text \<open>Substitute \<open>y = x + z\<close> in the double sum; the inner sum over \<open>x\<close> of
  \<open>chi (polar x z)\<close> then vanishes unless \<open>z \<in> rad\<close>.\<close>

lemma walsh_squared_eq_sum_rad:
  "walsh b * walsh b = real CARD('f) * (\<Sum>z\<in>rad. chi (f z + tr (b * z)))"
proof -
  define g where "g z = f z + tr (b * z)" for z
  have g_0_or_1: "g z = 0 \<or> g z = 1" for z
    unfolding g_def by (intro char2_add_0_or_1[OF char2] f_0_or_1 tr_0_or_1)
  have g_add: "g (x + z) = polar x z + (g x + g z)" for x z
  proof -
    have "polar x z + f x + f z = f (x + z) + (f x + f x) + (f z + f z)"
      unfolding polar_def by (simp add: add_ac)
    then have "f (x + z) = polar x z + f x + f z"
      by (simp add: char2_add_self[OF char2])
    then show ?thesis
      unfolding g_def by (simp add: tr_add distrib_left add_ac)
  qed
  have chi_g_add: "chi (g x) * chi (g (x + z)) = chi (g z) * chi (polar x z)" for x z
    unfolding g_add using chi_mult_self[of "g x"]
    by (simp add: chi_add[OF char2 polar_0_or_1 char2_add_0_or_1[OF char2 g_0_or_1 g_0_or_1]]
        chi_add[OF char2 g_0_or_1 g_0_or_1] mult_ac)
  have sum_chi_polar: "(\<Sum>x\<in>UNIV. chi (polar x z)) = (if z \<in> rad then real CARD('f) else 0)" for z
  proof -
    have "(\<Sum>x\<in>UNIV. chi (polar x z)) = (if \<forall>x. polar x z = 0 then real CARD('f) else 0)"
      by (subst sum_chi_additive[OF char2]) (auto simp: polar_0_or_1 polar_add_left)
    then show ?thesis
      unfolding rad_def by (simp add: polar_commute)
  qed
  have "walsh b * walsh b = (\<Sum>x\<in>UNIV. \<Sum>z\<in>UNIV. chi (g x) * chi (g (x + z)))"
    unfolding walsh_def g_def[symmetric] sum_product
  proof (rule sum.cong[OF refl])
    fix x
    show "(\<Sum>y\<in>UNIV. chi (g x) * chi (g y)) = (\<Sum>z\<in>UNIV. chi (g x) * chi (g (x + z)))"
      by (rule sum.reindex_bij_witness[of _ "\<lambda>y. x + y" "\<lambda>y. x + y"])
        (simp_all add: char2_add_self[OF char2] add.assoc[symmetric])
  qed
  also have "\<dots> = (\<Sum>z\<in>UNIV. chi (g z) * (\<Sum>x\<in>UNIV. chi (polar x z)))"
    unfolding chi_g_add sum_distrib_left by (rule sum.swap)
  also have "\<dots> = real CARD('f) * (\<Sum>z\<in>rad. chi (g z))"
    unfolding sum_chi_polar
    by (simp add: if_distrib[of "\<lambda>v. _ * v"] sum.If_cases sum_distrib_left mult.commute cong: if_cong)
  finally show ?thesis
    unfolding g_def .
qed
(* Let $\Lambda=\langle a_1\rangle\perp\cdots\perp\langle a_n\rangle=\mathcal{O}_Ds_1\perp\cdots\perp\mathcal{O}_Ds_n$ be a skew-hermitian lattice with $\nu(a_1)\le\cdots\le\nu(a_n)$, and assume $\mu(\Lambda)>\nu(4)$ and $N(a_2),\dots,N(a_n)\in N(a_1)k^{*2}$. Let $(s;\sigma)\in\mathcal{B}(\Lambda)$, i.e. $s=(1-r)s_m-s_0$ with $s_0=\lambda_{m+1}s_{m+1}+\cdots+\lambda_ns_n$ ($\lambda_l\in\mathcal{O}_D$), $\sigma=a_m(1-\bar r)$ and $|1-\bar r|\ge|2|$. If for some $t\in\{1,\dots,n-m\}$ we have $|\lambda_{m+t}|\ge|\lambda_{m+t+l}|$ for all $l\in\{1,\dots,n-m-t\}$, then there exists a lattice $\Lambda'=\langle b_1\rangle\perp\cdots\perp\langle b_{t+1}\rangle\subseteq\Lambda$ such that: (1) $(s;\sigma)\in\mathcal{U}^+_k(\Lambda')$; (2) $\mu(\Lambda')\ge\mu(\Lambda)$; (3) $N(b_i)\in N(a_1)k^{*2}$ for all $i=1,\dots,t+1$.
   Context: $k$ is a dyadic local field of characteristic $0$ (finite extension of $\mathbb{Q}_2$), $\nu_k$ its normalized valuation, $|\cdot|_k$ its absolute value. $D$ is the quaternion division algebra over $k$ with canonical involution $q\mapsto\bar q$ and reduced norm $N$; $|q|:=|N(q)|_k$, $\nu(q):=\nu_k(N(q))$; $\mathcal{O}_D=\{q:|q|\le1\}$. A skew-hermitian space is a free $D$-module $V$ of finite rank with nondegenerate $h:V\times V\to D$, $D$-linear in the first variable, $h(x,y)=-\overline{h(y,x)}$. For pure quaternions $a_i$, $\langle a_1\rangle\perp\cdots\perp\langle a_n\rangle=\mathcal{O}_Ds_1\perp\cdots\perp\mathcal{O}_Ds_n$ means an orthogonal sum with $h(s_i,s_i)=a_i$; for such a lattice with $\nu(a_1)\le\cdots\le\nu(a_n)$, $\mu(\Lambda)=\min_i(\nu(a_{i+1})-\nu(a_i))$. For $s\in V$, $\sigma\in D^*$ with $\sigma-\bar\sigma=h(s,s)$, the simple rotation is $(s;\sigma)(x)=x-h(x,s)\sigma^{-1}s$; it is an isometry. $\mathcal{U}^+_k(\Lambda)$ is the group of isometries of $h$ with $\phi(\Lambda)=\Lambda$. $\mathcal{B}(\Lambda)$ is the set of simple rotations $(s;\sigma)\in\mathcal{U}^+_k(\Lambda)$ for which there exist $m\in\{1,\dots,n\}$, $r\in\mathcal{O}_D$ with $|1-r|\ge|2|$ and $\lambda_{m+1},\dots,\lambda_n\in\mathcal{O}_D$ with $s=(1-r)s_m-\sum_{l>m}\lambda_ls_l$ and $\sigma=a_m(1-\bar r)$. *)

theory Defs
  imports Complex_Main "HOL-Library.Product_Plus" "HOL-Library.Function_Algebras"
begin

+-------+

Of all the lines above, count the ones that include the string "cong" and give the number alone.

2